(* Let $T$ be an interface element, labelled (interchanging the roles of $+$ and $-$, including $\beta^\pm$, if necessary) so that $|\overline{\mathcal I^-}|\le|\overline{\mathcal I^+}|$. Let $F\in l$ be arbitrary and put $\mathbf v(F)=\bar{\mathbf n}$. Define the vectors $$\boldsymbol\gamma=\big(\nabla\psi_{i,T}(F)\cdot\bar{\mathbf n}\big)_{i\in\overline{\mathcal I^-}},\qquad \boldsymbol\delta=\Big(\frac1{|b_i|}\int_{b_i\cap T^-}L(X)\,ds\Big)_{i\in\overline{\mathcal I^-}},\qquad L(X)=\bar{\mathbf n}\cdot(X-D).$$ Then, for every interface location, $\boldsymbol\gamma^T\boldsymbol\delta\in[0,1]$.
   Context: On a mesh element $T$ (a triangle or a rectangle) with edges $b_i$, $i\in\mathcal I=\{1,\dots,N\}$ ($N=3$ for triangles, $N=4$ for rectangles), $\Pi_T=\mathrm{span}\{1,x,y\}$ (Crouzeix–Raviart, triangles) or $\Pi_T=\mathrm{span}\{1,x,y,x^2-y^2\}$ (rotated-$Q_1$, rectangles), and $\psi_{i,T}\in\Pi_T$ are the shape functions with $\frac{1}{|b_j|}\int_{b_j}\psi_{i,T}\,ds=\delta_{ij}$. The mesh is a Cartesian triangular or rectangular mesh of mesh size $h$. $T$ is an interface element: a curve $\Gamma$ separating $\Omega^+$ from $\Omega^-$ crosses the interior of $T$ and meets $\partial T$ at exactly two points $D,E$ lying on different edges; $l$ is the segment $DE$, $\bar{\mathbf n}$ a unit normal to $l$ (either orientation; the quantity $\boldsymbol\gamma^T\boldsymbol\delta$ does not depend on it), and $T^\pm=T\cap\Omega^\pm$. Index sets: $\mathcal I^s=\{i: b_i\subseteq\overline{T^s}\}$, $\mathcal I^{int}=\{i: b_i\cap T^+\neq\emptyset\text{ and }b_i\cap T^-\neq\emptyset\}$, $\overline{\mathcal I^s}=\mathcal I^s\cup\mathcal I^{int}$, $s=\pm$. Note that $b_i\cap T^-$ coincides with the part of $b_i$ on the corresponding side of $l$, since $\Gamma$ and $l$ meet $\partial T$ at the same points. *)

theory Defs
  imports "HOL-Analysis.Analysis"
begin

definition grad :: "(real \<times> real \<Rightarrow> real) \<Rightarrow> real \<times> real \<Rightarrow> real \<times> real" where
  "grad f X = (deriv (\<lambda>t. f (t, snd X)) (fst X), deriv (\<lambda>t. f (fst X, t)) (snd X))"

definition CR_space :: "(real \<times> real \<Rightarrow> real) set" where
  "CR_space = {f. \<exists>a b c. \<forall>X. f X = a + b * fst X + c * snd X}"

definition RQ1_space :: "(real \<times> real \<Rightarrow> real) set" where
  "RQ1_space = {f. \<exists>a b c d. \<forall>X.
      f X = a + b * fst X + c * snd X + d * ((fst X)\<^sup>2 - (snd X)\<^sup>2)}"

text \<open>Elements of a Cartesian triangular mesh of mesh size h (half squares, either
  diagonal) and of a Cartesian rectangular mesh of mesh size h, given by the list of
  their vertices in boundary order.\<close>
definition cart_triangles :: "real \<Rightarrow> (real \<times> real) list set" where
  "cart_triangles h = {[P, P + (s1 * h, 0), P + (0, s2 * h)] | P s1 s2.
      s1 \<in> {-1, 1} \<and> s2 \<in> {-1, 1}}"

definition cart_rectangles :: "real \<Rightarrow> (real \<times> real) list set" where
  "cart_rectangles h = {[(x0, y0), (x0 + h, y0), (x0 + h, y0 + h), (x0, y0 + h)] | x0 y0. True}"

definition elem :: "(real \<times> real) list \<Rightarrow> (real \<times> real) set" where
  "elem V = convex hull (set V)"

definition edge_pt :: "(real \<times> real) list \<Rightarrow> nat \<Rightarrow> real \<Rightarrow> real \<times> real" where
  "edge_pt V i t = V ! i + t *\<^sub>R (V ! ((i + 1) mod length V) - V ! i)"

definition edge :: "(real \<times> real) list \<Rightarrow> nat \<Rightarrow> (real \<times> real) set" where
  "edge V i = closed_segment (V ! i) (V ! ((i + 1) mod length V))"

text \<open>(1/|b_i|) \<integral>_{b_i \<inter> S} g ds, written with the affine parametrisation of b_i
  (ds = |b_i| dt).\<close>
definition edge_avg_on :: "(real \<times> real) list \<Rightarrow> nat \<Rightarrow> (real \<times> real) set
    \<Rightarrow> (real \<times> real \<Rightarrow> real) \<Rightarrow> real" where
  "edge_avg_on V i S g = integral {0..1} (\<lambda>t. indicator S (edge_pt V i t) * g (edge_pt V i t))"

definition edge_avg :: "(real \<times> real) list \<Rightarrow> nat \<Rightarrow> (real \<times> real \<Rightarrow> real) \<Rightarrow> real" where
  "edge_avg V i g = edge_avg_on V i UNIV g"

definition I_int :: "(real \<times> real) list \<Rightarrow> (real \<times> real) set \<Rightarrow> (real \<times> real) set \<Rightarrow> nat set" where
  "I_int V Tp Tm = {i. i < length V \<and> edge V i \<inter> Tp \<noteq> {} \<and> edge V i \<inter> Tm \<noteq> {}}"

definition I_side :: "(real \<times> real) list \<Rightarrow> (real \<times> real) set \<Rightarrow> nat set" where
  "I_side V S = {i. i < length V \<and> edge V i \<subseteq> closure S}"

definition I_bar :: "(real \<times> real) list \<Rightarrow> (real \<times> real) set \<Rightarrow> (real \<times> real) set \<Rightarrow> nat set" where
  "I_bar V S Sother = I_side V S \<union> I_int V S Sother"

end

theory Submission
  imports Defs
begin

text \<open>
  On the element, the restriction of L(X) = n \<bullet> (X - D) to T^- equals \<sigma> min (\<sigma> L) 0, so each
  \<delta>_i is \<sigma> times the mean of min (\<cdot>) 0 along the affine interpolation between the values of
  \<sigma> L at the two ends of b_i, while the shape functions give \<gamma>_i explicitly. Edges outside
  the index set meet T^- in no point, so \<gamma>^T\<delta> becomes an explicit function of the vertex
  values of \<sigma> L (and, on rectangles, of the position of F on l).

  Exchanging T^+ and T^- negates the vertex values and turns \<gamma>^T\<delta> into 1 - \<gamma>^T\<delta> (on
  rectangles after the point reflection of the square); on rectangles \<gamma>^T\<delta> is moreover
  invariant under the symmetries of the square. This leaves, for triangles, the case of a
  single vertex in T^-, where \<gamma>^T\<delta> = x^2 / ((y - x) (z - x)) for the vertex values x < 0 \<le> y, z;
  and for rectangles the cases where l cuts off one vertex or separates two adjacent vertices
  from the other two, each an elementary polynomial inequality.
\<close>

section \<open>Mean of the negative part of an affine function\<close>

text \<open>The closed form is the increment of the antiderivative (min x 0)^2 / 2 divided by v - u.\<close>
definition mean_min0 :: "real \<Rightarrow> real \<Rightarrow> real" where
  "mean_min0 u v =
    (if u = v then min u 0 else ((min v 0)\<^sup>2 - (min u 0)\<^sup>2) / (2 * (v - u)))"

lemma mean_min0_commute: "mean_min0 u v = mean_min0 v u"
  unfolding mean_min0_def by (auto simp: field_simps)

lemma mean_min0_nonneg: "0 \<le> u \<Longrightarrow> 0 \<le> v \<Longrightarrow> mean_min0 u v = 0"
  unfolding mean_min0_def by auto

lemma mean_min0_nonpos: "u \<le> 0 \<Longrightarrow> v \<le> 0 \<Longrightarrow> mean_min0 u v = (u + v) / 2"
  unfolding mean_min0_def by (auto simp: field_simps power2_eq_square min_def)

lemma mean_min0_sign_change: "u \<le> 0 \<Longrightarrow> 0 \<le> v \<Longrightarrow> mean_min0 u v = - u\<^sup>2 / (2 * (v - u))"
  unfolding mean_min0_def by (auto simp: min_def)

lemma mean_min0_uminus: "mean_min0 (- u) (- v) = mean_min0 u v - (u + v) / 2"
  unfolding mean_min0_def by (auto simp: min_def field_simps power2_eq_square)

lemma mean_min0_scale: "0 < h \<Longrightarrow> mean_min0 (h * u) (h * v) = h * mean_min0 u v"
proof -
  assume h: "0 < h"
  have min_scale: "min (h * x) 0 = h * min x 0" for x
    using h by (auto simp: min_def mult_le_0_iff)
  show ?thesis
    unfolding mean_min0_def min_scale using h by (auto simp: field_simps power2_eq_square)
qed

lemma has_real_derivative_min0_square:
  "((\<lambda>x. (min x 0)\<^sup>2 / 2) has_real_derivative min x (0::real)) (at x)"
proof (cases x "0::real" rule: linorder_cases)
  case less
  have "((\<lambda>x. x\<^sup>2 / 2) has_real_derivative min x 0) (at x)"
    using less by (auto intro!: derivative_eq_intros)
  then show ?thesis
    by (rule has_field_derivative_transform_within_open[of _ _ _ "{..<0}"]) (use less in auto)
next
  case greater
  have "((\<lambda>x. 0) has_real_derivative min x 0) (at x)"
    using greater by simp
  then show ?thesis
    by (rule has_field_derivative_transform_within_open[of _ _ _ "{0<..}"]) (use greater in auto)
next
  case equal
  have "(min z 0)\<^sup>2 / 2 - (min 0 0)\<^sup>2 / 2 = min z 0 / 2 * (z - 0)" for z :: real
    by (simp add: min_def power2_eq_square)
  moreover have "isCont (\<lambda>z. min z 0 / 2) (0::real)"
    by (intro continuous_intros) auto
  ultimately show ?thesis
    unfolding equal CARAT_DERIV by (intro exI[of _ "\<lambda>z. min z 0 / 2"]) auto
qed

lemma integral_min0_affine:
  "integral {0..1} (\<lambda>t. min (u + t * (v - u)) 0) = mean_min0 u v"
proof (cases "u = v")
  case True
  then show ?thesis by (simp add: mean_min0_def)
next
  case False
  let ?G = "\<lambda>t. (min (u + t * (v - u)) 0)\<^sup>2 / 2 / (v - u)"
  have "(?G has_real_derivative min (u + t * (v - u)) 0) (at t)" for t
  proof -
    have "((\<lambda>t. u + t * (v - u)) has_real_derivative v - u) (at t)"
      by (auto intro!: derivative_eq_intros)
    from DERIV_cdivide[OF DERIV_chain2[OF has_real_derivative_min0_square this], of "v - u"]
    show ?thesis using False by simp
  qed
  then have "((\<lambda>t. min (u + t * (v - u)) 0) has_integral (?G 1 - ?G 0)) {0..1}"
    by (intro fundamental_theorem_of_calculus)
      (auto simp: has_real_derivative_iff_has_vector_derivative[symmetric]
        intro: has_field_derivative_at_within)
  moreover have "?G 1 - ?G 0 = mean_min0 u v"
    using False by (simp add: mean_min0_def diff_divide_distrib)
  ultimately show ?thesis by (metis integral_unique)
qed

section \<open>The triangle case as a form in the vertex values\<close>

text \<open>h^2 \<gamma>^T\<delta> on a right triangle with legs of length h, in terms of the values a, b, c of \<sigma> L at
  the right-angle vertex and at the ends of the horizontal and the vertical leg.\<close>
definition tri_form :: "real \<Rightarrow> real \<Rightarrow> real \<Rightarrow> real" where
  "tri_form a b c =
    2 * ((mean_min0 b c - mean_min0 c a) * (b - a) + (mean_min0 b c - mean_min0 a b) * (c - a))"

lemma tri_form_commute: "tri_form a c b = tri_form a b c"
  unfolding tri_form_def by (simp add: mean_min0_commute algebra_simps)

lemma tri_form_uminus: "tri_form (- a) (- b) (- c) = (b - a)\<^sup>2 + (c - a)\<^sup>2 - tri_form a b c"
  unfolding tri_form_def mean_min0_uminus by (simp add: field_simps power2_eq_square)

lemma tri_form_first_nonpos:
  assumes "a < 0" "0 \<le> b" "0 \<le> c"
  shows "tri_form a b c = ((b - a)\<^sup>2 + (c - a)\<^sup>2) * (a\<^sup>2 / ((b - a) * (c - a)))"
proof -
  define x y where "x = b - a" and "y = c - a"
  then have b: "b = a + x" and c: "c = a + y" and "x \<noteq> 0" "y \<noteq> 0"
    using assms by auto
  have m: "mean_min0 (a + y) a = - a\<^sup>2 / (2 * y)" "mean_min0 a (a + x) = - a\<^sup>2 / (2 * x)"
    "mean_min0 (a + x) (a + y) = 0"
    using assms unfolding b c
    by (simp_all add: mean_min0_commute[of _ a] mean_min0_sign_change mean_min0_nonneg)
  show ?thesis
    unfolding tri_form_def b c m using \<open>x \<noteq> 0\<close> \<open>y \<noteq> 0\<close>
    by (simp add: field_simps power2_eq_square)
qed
========================================================================
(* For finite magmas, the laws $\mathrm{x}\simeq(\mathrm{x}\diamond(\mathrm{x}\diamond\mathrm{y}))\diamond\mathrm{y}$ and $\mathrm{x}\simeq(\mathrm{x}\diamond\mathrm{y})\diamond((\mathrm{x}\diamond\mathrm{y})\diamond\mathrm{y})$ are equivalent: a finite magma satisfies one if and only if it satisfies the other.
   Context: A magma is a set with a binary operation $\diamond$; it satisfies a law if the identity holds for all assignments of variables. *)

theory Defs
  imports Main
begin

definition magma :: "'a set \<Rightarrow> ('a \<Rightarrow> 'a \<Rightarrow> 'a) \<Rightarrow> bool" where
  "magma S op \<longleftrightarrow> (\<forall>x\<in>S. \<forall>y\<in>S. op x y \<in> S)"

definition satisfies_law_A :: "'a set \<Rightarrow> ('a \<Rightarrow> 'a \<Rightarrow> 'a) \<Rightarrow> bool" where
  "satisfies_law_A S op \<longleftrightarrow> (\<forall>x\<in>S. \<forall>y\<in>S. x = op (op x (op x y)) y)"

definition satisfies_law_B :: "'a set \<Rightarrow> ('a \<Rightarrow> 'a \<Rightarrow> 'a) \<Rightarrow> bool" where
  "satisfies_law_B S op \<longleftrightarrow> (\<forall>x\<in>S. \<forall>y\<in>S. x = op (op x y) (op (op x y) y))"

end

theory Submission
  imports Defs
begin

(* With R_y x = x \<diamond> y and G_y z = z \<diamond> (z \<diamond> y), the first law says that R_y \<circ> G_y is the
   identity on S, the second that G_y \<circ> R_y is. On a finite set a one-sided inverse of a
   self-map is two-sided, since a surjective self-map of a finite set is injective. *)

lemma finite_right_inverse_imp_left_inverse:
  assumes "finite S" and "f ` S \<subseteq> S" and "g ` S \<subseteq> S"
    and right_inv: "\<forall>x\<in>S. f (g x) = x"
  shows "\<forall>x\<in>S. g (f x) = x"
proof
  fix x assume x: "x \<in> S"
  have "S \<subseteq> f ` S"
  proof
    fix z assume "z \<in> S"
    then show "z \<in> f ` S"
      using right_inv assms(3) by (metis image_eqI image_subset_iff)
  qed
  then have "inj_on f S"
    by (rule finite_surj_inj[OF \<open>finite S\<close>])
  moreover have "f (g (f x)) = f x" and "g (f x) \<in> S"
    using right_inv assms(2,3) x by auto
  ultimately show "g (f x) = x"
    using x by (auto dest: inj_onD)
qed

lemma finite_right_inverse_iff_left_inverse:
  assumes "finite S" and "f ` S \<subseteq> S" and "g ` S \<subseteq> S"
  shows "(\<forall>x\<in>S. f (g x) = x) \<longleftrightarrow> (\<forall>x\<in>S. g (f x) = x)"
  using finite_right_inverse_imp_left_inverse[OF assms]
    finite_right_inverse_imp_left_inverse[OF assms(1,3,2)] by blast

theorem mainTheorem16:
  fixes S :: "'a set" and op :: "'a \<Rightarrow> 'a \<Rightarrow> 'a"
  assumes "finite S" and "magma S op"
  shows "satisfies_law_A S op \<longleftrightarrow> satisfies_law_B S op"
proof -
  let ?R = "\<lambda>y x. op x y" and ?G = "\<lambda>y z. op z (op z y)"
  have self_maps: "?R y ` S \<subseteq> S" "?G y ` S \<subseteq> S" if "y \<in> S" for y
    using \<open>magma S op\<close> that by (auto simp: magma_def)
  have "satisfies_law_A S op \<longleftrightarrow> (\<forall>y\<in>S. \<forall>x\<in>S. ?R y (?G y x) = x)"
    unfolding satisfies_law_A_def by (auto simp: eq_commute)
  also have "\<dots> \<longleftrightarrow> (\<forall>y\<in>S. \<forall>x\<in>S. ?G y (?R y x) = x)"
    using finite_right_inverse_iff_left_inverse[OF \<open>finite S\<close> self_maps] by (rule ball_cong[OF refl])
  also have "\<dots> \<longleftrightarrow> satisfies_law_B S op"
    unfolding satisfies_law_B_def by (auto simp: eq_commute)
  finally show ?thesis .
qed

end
========================================================================
◆ Exercise ◆
Copy from the entries only those lines that hold the word "each".

◆ Expected output ◆
  On the element, the restriction of L(X) = n \<bullet> (X - D) to T^- equals \<sigma> min (\<sigma> L) 0, so each
  from the other two, each an elementary polynomial inequality.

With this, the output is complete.